Thanks a lot and looking forward for your reply.

Best,
Yakun

1. Correct
2. Correct
3. We keep the floating point values within Lucene. During the merge process, we will re-quantize given the new centroid of the new segment created during the merge. The only resources on this would be in the format. But to put it simply, we re-read the float32 vectors and quantize them again

Hi @BenTrent,

thanks a lot for sharing the insights.

May I ask whether the raw floating values are needed for all types of quantization? like int8, int4 and BBQ. Would it be fine for you to share some tutorials or resources that explain the re-quantization process? Really appreciate, thanks.

The context I am asking this question is that we have the issue of running into huge storage of those raw floating values, and we would like to check the option to keep only the quantized vector values in storage and delete the raw floating values. For re-ranking, we will use contextual based re-ranking then, which does not require the raw floating values.

We do keep the raw floats for all quantization types at the time being.

Would it be fine for you to share some tutorials or resources that explain the re-quantization process?

There really isn't anything. You can read the Lucene format files if you are curious.

we would like to check the option to keep only the quantized vector values in storage and delete the raw floating values.
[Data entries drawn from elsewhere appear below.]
text \<open>Membership in the quasivariety K = Mod(Sigma) axiomatized by the set Sigma
  of quasi-identities.\<close>
definition in_qvar :: "('f \<Rightarrow> nat) \<Rightarrow> 'f qid set \<Rightarrow> ('a, 'f) alg \<Rightarrow> bool" where
  "in_qvar ar \<Sigma> B \<longleftrightarrow> is_algebra ar B \<and> (\<forall>q \<in> \<Sigma>. satisfies B q)"

definition Con_K :: "('f \<Rightarrow> nat) \<Rightarrow> 'f qid set \<Rightarrow> ('a, 'f) alg \<Rightarrow> 'a rel set" where
  "Con_K ar \<Sigma> B = {\<theta>. congruence ar B \<theta> \<and> in_qvar ar \<Sigma> (quot_alg B \<theta>)}"

definition restr :: "'a rel \<Rightarrow> 'a set \<Rightarrow> 'a rel" where
  "restr \<theta> A = \<theta> \<inter> (A \<times> A)"

definition full_in :: "('f \<Rightarrow> nat) \<Rightarrow> 'f qid set \<Rightarrow> 'a set \<Rightarrow> ('a, 'f) alg \<Rightarrow> bool" where
  "full_in ar \<Sigma> A B \<longleftrightarrow>
     subuniverse ar B A \<and> A \<noteq> carrier B \<and>
     (\<exists>b \<in> carrier B. Sg ar B (A \<union> {b}) = carrier B) \<and>
     (\<forall>\<theta> \<in> Con_K ar \<Sigma> B. \<theta> \<noteq> Id_on (carrier B) \<longrightarrow>
        (\<forall>b \<in> carrier B. \<exists>a \<in> A. (a, b) \<in> \<theta>))"

end

theory Submission
  imports Defs
begin

text \<open>A quasi-identity holds in \<open>B/\<psi>\<close> exactly when \<open>\<psi>\<close> is closed under it, and closure
  is preserved by intersections; so \<open>\<theta> \<inter> \<phi>\<close> is again a \<open>K\<close>-congruence. If it were not
  the identity, fullness would put every element of \<open>B\<close> in the \<open>\<theta> \<inter> \<phi>\<close>-class of some
  element of \<open>A\<close>. Then \<open>b \<theta> c\<close> iff \<open>a \<theta> a'\<close> for the corresponding \<open>a, a' \<in> A\<close>, and
  likewise for \<open>\<phi>\<close>, so equal restrictions to \<open>A\<close> would force \<open>\<theta> = \<phi>\<close>.\<close>

lemma some_in_equiv_class:
  assumes "equiv S r" "x \<in> S"
  shows "(SOME y. y \<in> r `` {x}) \<in> S" "((SOME y. y \<in> r `` {x}), x) \<in> r"
proof -
  have "(x, SOME y. y \<in> r `` {x}) \<in> r"
    using assms equiv_class_self by (metis Image_singleton_iff someI)
  then show "((SOME y. y \<in> r `` {x}), x) \<in> r" "(SOME y. y \<in> r `` {x}) \<in> S"
    using assms(1) by (auto elim: equivE dest: symD)
qed

lemma all_quotient_valuations_iff:
  fixes P :: "('i \<Rightarrow> 'a set) \<Rightarrow> bool"
  shows "(\<forall>v. range v \<subseteq> S // r \<longrightarrow> P v) \<longleftrightarrow> (\<forall>w. range w \<subseteq> S \<longrightarrow> P (\<lambda>n. r `` {w n}))"
proof (intro iffI allI impI)
  fix w :: "'i \<Rightarrow> 'a" assume "\<forall>v. range v \<subseteq> S // r \<longrightarrow> P v" "range w \<subseteq> S"
  moreover have "range (\<lambda>n. r `` {w n}) \<subseteq> S // r"
    using \<open>range w \<subseteq> S\<close> by (auto intro: quotientI)
  ultimately show "P (\<lambda>n. r `` {w n})" by blast
next
  fix v :: "'i \<Rightarrow> 'a set" assume P: "\<forall>w. range w \<subseteq> S \<longrightarrow> P (\<lambda>n. r `` {w n})" and "range v \<subseteq> S // r"
  then have "v n \<in> S // r" for n by blast
  then have "\<forall>n. \<exists>x. x \<in> S \<and> v n = r `` {x}"
    by (meson quotientE)
  from choice[OF this] obtain w where "\<forall>n. w n \<in> S \<and> v n = r `` {w n}" ..
  then have "range w \<subseteq> S" "v = (\<lambda>n. r `` {w n})" by (auto simp: fun_eq_iff)
  then show "P v" using P by simp
qed

lemma eval_in_carrier:
  assumes "is_algebra ar B" "range w \<subseteq> carrier B" "wf_trm ar t"
  shows "eval B w t \<in> carrier B"
  using assms(3)
proof (induction t)
  case (App f ts)
  then show ?case using assms(1,2) unfolding is_algebra_def by (simp add: image_subset_iff)
qed (use assms in auto)

lemma congruence_equiv: "congruence ar B \<psi> \<Longrightarrow> equiv (carrier B) \<psi>"
  unfolding congruence_def by blast

lemma eval_quot_alg:
  assumes "congruence ar B \<psi>" "is_algebra ar B" "range w \<subseteq> carrier B" "wf_trm ar t"
  shows "eval (quot_alg B \<psi>) (\<lambda>n. \<psi> `` {w n}) t = \<psi> `` {eval B w t}"
  using assms(4)
proof (induction t)
  case (Var n)
  then show ?case by simp
next
  case (App f ts)
  have eq: "equiv (carrier B) \<psi>" using assms(1) by (rule congruence_equiv)
  define rep where "rep x = (SOME y. y \<in> \<psi> `` {x})" for x
  define ys where "ys = map (eval B w) ts"
  have ys: "set ys \<subseteq> carrier B" "length ys = ar f"
    using App.prems eval_in_carrier[OF assms(2,3)] unfolding ys_def by auto
  then have "\<forall>y \<in> set ys. rep y \<in> carrier B \<and> (rep y, y) \<in> \<psi>"
    using some_in_equiv_class[OF eq] unfolding rep_def by blast
  then have "set (map rep ys) \<subseteq> carrier B" "list_all2 (\<lambda>x y. (x, y) \<in> \<psi>) (map rep ys) ys"
    by (auto simp: list_all2_map1 list_all2_same)
  then have "(op B f (map rep ys), op B f ys) \<in> \<psi>"
    using assms(1) ys unfolding congruence_def by simp
  moreover have "eval (quot_alg B \<psi>) (\<lambda>n. \<psi> `` {w n}) (App f ts) = \<psi> `` {op B f (map rep ys)}"
    using App by (simp add: quot_alg_def rep_def ys_def comp_def cong: map_cong)
  ultimately show ?case using eq by (simp add: equiv_class_eq ys_def)
qed

definition closed_under_qid :: "('a, 'f) alg \<Rightarrow> 'a rel \<Rightarrow> 'f qid \<Rightarrow> bool" where
  "closed_under_qid B \<psi> q \<longleftrightarrow> (\<forall>w. range w \<subseteq> carrier B \<longrightarrow>
     (\<forall>(p, r) \<in> set (fst q). (eval B w p, eval B w r) \<in> \<psi>) \<longrightarrow>
     (eval B w (fst (snd q)), eval B w (snd (snd q))) \<in> \<psi>)"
There is no way currently to delete the raw vectors and still have Lucene work appropriately.

Note, this is different than having them in _source. _source is a completely different field in Lucene.

@BenTrent, thanks for your explanation.

May I ask about the following statement in [1], whether discard the raw floating point vectors meaning that they are not needed for re-quantization? Thanks a lot.

Furthermore, we anticipate that with 7 bit quantization we should be able to discard the raw floating point vectors and plan to evaluate this thoroughly.

[1] Understanding optimized scalar quantization - Elasticsearch Labs

That is the key part of the quote. It is not implemented yet but it is something we want to eventually implement. Or at least, quantization and compression for the floats at some lower bit size to utilize less disk space.

But, there are only so many hours in the day

Hi @BenTrent , as always, thanks for your quick reply.

It is totally understandable w.r.t the schedule of the implementation and evaluation. From my question, I actually mainly want to clarify the reasoning behind the statement

with 7 bit quantization we should be able to discard the raw floating point vectors

may I ask whether you could elaborate it a bit more? Thanks a lot.

Ah, ok.

The main reasoning is that the quantization to that bit size may provide such good accuracy, that the original vectors won't be needed for typical search or merging operations.

@BenTrent thanks, does it mean that for re-quantization it is good enough to use the already quantized 7 bit or it is even not needed to do re-quantization?

@yli it would mean that for "re-quantization" we might still have to adjust the centroid, but it might be possible simply rehydrate (de-quantize), the int7 vectors, then re-quantize given the new centroid.

Centroids might actually shift over the life time of the data, especially for vectors that are near each-other based on their index order (e.g. images from a video).